The class will consist of lectures on basic material, and discussion and reading of work that is more current and/or speculative. Students will be required to prepare for and help lead some of the discussions. Students who are not leading discussions will still be expected to read papers to prepare for them. They will also do problem sets or projects in which they implement and test an approach to segmentation, or propose novel work on segmentation. There will also be a midterm and a final exam covering the basic computational techniques we’ve learned. Students will find it important to have some prior knowledge of vision, mathematical sophistication, and familiarity with topics such as calculus, linear algebra, probability and statistics.
Requirements
Here is my current plan for the workload of the class. This may change during the first two weeks, as the number of students settles down.
1) Reports. There will be about 6-8 classes in which we discuss research papers. Prior to each of these classes, students must turn in a one page summary and critique of one of the papers to be discussed. I prefer if you turn in a hardcopy to me at the start of class. This should contain one paragraph summarizing the paper to be discussed, and one paragraph critiquing the paper. The summary should focus on what you think is most important. The critique should explain whether you think the paper is worthwhile, and why. Late papers will not be accepted, since the goal of these reports is to get you to think about papers before we discuss them. However, each student can skip two of these reports. 10% of grade
2) Topic expert. Students will be assigned to become experts on one of the topics we will discuss. Students should be prepared to help lead discussion, to answer our questions, and to provide interesting and insightful extra comments culled from the literature. 15 % of grade.
3) Midterm, Final. These will be based on material from the lectures, and background reading for the lectures. 50% of grade
4) Problem Set/Project. Student will choose one: 25% of grade
a) Three problem sets will be assigned, requiring implementations of three of the algorithms discussed in class.
b) Programming/research project: This is meant to be a more open-ended project for students interested in research in image segmentation.
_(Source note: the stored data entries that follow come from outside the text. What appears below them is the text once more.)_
(* Let $\chi$ be an indecomposable character on $S(2^\infty)$ with GNS triple $(\pi,\mathcal{H},\xi)$. Let $A\subset X$ be nice and $s\in S(2^\infty)$ with $A\subset Fix(s)$. Then $\pi(s)P^A=P^A$.
   Context: Let $X=\{0,1\}^{\mathbb{N}}$; $X_n=\{0,1\}^n$; $S(2^n)$ the group of all bijections of $X_n$, acting on $X$ by $s((x,a))=(s(x),a)$; $S(2^\infty)=\bigcup_n S(2^n)$; $Fix(s)=\{x\in X:s(x)=x\}$. A character on a group $G$ is a function $\chi$ with $\chi(g_1g_2)=\chi(g_2g_1)$, $(\chi(g_ig_j^{-1}))_{i,j}$ positive semidefinite for all finite families, and $\chi(e)=1$; indecomposable means not a nontrivial convex combination of two distinct characters. GNS triple: $\pi$ a unitary representation on $\mathcal{H}$, $\xi$ a unit cyclic vector, $\chi(g)=(\pi(g)\xi,\xi)$. A set $A\subset X$ is nice if $A=C\times X$ for some $k$ and $C\subset X_k$ (sequences whose first $k$ coordinates lie in $C$). For such $A$ and $m>k$, $s^A_m$ fixes $A$ pointwise and flips the $m$-th coordinate of points outside $A$; $P^A$ is the weak operator limit of $\pi(s^A_m)$ as $m\to\infty$. *)

theory Defs
  imports Complex_Main
begin

type_synonym pt = "nat \<Rightarrow> bool"          (* X = {0,1}^N, coordinates indexed from 0 *)
type_synonym perm = "pt \<Rightarrow> pt"

text \<open>X_n is modelled as bool lists of length n; a point x of X is the pair
 (map x [0..<n], tail).  An element of S(2^n) acts by permuting the first n coordinates block.\<close>

definition in_S2n :: "nat \<Rightarrow> perm \<Rightarrow> bool" where
  "in_S2n n s \<longleftrightarrow>
     (\<exists>\<sigma>. bij_betw \<sigma> {xs :: bool list. length xs = n} {xs. length xs = n} \<and>
          (\<forall>x. s x = (\<lambda>i. if i < n then \<sigma> (map x [0..<n]) ! i else x i)))"

definition S2inf :: "perm set" where
  "S2inf = {s. \<exists>n. in_S2n n s}"

definition Fix :: "perm \<Rightarrow> pt set" where
  "Fix s = {x. s x = x}"

definition nice :: "pt set \<Rightarrow> bool" where
  "nice A \<longleftrightarrow> (\<exists>k C. C \<subseteq> {xs :: bool list. length xs = k} \<and> A = {x. map x [0..<k] \<in> C})"

text \<open>s^A_m: fixes A pointwise, flips the m-th coordinate (index m-1, 0-based) outside A.\<close>
definition sA :: "pt set \<Rightarrow> nat \<Rightarrow> perm" where
  "sA A m x = (if x \<in> A then x else x((m - 1) := \<not> x (m - 1)))"

definition is_character :: "(perm \<Rightarrow> complex) \<Rightarrow> bool" where
  "is_character \<chi> \<longleftrightarrow>
     (\<forall>g1\<in>S2inf. \<forall>g2\<in>S2inf. \<chi> (g1 \<circ> g2) = \<chi> (g2 \<circ> g1)) \<and>
     (\<forall>n (g :: nat \<Rightarrow> perm) (c :: nat \<Rightarrow> complex). (\<forall>i<n. g i \<in> S2inf) \<longrightarrow>
        (let q = (\<Sum>i<n. \<Sum>j<n. cnj (c i) * \<chi> (g i \<circ> inv (g j)) * c j)
         in Im q = 0 \<and> Re q \<ge> 0)) \<and>
     \<chi> id = 1"

definition indecomposable_character :: "(perm \<Rightarrow> complex) \<Rightarrow> bool" where
  "indecomposable_character \<chi> \<longleftrightarrow> is_character \<chi> \<and>
     \<not> (\<exists>(t::real) \<chi>1 \<chi>2. 0 < t \<and> t < 1 \<and> is_character \<chi>1 \<and> is_character \<chi>2 \<and>
            (\<exists>g\<in>S2inf. \<chi>1 g \<noteq> \<chi>2 g) \<and>
            (\<forall>g\<in>S2inf. \<chi> g = of_real t * \<chi>1 g + of_real (1 - t) * \<chi>2 g))"

definition hnorm :: "('h \<Rightarrow> 'h \<Rightarrow> complex) \<Rightarrow> 'h \<Rightarrow> real" where
  "hnorm ip x = sqrt (Re (ip x x))"

definition complex_hilbert :: "(complex \<Rightarrow> 'h::ab_group_add \<Rightarrow> 'h) \<Rightarrow> ('h \<Rightarrow> 'h \<Rightarrow> complex) \<Rightarrow> bool" where
  "complex_hilbert sc ip \<longleftrightarrow>
     Vector_Spaces.vector_space sc \<and>
     (\<forall>x y z. ip (x + y) z = ip x z + ip y z) \<and>
     (\<forall>c x y. ip (sc c x) y = c * ip x y) \<and>
     (\<forall>x y. ip y x = cnj (ip x y)) \<and>
     (\<forall>x. Re (ip x x) \<ge> 0) \<and>
     (\<forall>x. ip x x = 0 \<longrightarrow> x = 0) \<and>
     (\<forall>f :: nat \<Rightarrow> 'h. (\<forall>e>0. \<exists>N. \<forall>m\<ge>N. \<forall>n\<ge>N. hnorm ip (f m - f n) < e) \<longrightarrow>
        (\<exists>l. (\<lambda>n. hnorm ip (f n - l)) \<longlonglongrightarrow> 0))"

definition unitary_op :: "(complex \<Rightarrow> 'h::ab_group_add \<Rightarrow> 'h) \<Rightarrow> ('h \<Rightarrow> 'h \<Rightarrow> complex) \<Rightarrow> ('h \<Rightarrow> 'h) \<Rightarrow> bool" where
  "unitary_op sc ip U \<longleftrightarrow>
     (\<forall>x y. U (x + y) = U x + U y) \<and> (\<forall>c x. U (sc c x) = sc c (U x)) \<and>
     surj U \<and> (\<forall>x y. ip (U x) (U y) = ip x y)"

definition unitary_rep :: "(complex \<Rightarrow> 'h::ab_group_add \<Rightarrow> 'h) \<Rightarrow> ('h \<Rightarrow> 'h \<Rightarrow> complex) \<Rightarrow> (perm \<Rightarrow> 'h \<Rightarrow> 'h) \<Rightarrow> bool" where
  "unitary_rep sc ip \<pi> \<longleftrightarrow>
     (\<forall>g\<in>S2inf. unitary_op sc ip (\<pi> g)) \<and>
     (\<forall>g\<in>S2inf. \<forall>h\<in>S2inf. \<pi> (g \<circ> h) = \<pi> g \<circ> \<pi> h) \<and>
     \<pi> id = id"

definition GNS_triple :: "(complex \<Rightarrow> 'h::ab_group_add \<Rightarrow> 'h) \<Rightarrow> ('h \<Rightarrow> 'h \<Rightarrow> complex) \<Rightarrow>
     (perm \<Rightarrow> 'h \<Rightarrow> 'h) \<Rightarrow> 'h \<Rightarrow> (perm \<Rightarrow> complex) \<Rightarrow> bool" where
  "GNS_triple sc ip \<pi> \<xi> \<chi> \<longleftrightarrow>
     complex_hilbert sc ip \<and> unitary_rep sc ip \<pi> \<and>
     ip \<xi> \<xi> = 1 \<and>
     (\<forall>v. \<forall>e>0. \<exists>n (g :: nat \<Rightarrow> perm) (c :: nat \<Rightarrow> complex). (\<forall>i<n. g i \<in> S2inf) \<and>
        hnorm ip (v - (\<Sum>i<n. sc (c i) (\<pi> (g i) \<xi>))) < e) \<and>
     (\<forall>g\<in>S2inf. \<chi> g = ip (\<pi> g \<xi>) \<xi>)"

definition weak_op_limit :: "('h \<Rightarrow> 'h \<Rightarrow> complex) \<Rightarrow> (nat \<Rightarrow> 'h \<Rightarrow> 'h) \<Rightarrow> ('h \<Rightarrow> 'h) \<Rightarrow> bool" where
  "weak_op_limit ip T P \<longleftrightarrow> (\<forall>u v. (\<lambda>m. ip (T m u) v) \<longlonglongrightarrow> ip (P u) v)"

end

theory Submission
  imports Defs "HOL-Combinatorics.Permutations"
begin

text \<open>Write g_m = s^A_m and let \<tau> be an involution acting on the first n coordinates and fixing A
  pointwise. For large m, \<tau> commutes with g_m, and for l \<noteq> j the products g_l g_j and
  \<tau> g_l g_j are conjugate, so the character takes the same value on them. Hence for every a the
  vector w = \<pi>(\<tau>)\<pi>(a)\<xi> - \<pi>(a)\<xi> has pairwise orthogonal translates \<pi>(g_m)w of equal
  norm, which forces P^A w = 0 weakly. By cyclicity of \<xi>, P^A \<pi>(\<tau>) = P^A, and as \<pi>(\<tau>)
  commutes with every \<pi>(g_m) also \<pi>(\<tau>) P^A = P^A. Finally, an element of S(2^n) fixing A
  permutes the words of length n that are not prefixes of points of A, so it is a product of
  transpositions of such words, each an involution of the above kind.\<close>

locale complex_hilbert_space =
  fixes sc :: "complex \<Rightarrow> 'h::ab_group_add \<Rightarrow> 'h" and ip :: "'h \<Rightarrow> 'h \<Rightarrow> complex"
  assumes hilbert: "complex_hilbert sc ip"
begin

lemma ip_add_left: "ip (x + y) z = ip x z + ip y z"
  using hilbert unfolding complex_hilbert_def by blast
(* Let $c>1$ and $p=c/n$. In $G_{n,p}$, any local routing algorithm between two vertices has expected routing complexity $\Omega(n^2)$.
   Context: $G_{n,p}$ is the random graph on $n$ vertices in which each pair of vertices is joined by an open edge independently with probability $p$ (the complete graph with each edge failing with probability $1-p$). A routing algorithm between vertices $u,v$ may probe whether edges are open and outputs an open path from $u$ to $v$ if one exists; it is local if the first edge it probes is adjacent to $u$ and subsequently it probes only edges having an endpoint to which it has already established an open path from $u$. The routing complexity is the number of probes made until a path is found, conditioned on the event that $u$ and $v$ are connected by an open path. *)

theory Defs
  imports "HOL-Probability.Probability"
begin

definition edges :: "nat \<Rightarrow> nat set set" where
  "edges n = {e. e \<subseteq> {..<n} \<and> card e = 2}"

text \<open>A configuration assigns to every edge whether it is open (False off the edge set).
  G(n,p): edges open independently with probability p.\<close>
definition gnp :: "nat \<Rightarrow> real \<Rightarrow> (nat set \<Rightarrow> bool) pmf" where
  "gnp n p = Pi_pmf (edges n) False (\<lambda>_. bernoulli_pmf p)"

definition open_edges :: "nat \<Rightarrow> (nat set \<Rightarrow> bool) \<Rightarrow> nat set set" where
  "open_edges n \<omega> = {e \<in> edges n. \<omega> e}"

definition conn :: "nat set set \<Rightarrow> nat \<Rightarrow> nat \<Rightarrow> bool" where
  "conn F x y \<longleftrightarrow> (x, y) \<in> {(a, b). {a, b} \<in> F}\<^sup>*"

text \<open>A (deterministic, adaptive) probing strategy chooses the next edge to probe from the
  history of probes so far (probed edges together with their status).\<close>
primrec probes :: "((nat set \<times> bool) list \<Rightarrow> nat set) \<Rightarrow> (nat set \<Rightarrow> bool) \<Rightarrow> nat
    \<Rightarrow> (nat set \<times> bool) list" where
  "probes alg \<omega> 0 = []"
| "probes alg \<omega> (Suc k) = probes alg \<omega> k @ [(alg (probes alg \<omega> k), \<omega> (alg (probes alg \<omega> k)))]"

definition found_open :: "(nat set \<times> bool) list \<Rightarrow> nat set set" where
  "found_open h = {e. (e, True) \<in> set h}"

text \<open>Local routing algorithm from u to v in G(n,p): every probed edge is an edge of K_n
  having an endpoint to which an open path from u has already been established (so the
  first probe is adjacent to u), and whenever u and v are joined by an open path the
  algorithm eventually establishes an open path from u to v.\<close>
definition local_router ::
    "nat \<Rightarrow> nat \<Rightarrow> nat \<Rightarrow> ((nat set \<times> bool) list \<Rightarrow> nat set) \<Rightarrow> bool" where
  "local_router n u v alg \<longleftrightarrow>
     (\<forall>\<omega> k. alg (probes alg \<omega> k) \<in> edges n \<and>
             (\<exists>x \<in> alg (probes alg \<omega> k). conn (found_open (probes alg \<omega> k)) u x)) \<and>
     (\<forall>\<omega>. conn (open_edges n \<omega>) u v \<longrightarrow> (\<exists>k. conn (found_open (probes alg \<omega> k)) u v))"

definition route_time ::
    "((nat set \<times> bool) list \<Rightarrow> nat set) \<Rightarrow> nat \<Rightarrow> nat \<Rightarrow> (nat set \<Rightarrow> bool) \<Rightarrow> nat" where
  "route_time alg u v \<omega> = (LEAST k. conn (found_open (probes alg \<omega> k)) u v)"

definition exp_routing_complexity ::
    "nat \<Rightarrow> real \<Rightarrow> nat \<Rightarrow> nat \<Rightarrow> ((nat set \<times> bool) list \<Rightarrow> nat set) \<Rightarrow> real" where
  "exp_routing_complexity n p u v alg =
     measure_pmf.expectation (gnp n p)
       (\<lambda>\<omega>. real (route_time alg u v \<omega>) * indicator {\<omega>. conn (open_edges n \<omega>) u v} \<omega>)
     / measure_pmf.prob (gnp n p) {\<omega>. conn (open_edges n \<omega>) u v}"
(* Let $\Phi$ denote the standard normal cdf and fix $\sigma>0$ and $\eta\in(0,1/6)$. For each pair $(n,d)$ let $S_1,\dots,S_n$ be independent real random variables with common cdf $G_d$. Assume there exist two sequences $\alpha^l_{n,d}$ and $\alpha^u_{n,d}$, both tending to $0$ as $n,d\to\infty$, such that for all $s\in[-d^\eta,d^\eta]$, $$(1+\alpha^l_{n,d})\,\Phi(s)\le G_d(s)\le (1+\alpha^u_{n,d})\,\Phi(s).$$ Let $S_{(1)}\le\dots\le S_{(n)}$ be the order statistics of $S_1,\dots,S_n$ and define $$T_{n,d}=\sum_{\ell=2}^n e^{-\sigma\sqrt d\,(S_{(\ell)}-S_{(1)})}.$$ Then, if $n,d\to\infty$ with $\frac{\log n}{d^{2\eta}}\to 0$, we have $E(T_{n,d}\mid S_{(1)})=o_p(1)$, i.e. $E(T_{n,d}\mid S_{(1)})\to 0$ in probability. *)

theory Defs
  imports "HOL-Probability.Probability"
begin

definition std_normal_cdf :: "real \<Rightarrow> real" where
  "std_normal_cdf s = cdf (density lborel std_normal_density) s"

text \<open>Order statistics of the sample X 0, ..., X (n-1): order_stat X n l is the l-th
  smallest value (1-indexed, 1 \<le> l \<le> n).\<close>
definition order_stat :: "(nat \<Rightarrow> real) \<Rightarrow> nat \<Rightarrow> nat \<Rightarrow> real" where
  "order_stat X n l = sort (map X [0..<n]) ! (l - 1)"

definition T_stat :: "real \<Rightarrow> nat \<Rightarrow> nat \<Rightarrow> (nat \<Rightarrow> real) \<Rightarrow> real" where
  "T_stat \<sigma> n d X = (\<Sum>l = 2..n. exp (- \<sigma> * sqrt (real d) * (order_stat X n l - order_stat X n 1)))"

end

theory Submission
  imports Defs "HOL-Real_Asymp.Real_Asymp"
begin

text \<open>
  Since T \<ge> 0, Markov's inequality for the conditional expectation reduces the claim to
  E T \<rightarrow> 0. Put c = \<sigma> sqrt d and cut [-D, D], D = d powr \<eta>, into cells a r = -D + r h of
  width h = 2 ln n / c. Sample points more than h above the minimum contribute at most
  n exp (-c h) = 1/n. If the minimum lies in the cell (a r, a (r+1)], every point exceeds a r and
  those within h of the minimum lie in (a r, a (r+2)]; their number minus one is at most the
  number of ordered pairs of points there, whose expected value (jointly with the event that all
  points exceed a r) is n (n-1) (G (a (r+2)) - G (a r))^2 (1 - G (a r)) ^ (n-2).
  Since ln \<Phi> is Lipschitz on [-D, D] with constant 1 + 2 D and h D \<rightarrow> 0, the hypothesis on G
  gives G (a (r+2)) \<le> (1 + \<epsilon>) G (a r) with \<epsilon> \<rightarrow> 0, and comparing the sum over r with the
  integral of x exp (-n x) shows that it is O(\<epsilon>). Finally, T < n, the minimum lies below -D with
  probability at most n G (-D) \<le> n (1 + \<alpha>u) exp (-D^2/2), and above 0 with probability at
  most (5/6) ^ n; both contributions vanish because ln n = o(D^2).
\<close>

section \<open>The standard normal distribution\<close>

abbreviation "\<Phi> \<equiv> std_normal_cdf"
abbreviation "\<phi> \<equiv> std_normal_density"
It should involve implementation of existing or novel algorithms for segmentation, and experiments on a real-world data set.
Problem Sets
Please hand in your solution to the problem sets, including: 1) A document, with pictures when appropriate, describing your results; 2) Your code. I would prefer to receive your code by email in a zip file, and a hardcopy of the document, but I'll accept everything by email.
If problem sets are late, I will deduct 10% for each day they are late. Problem sets will not be accepted after the class following the due date.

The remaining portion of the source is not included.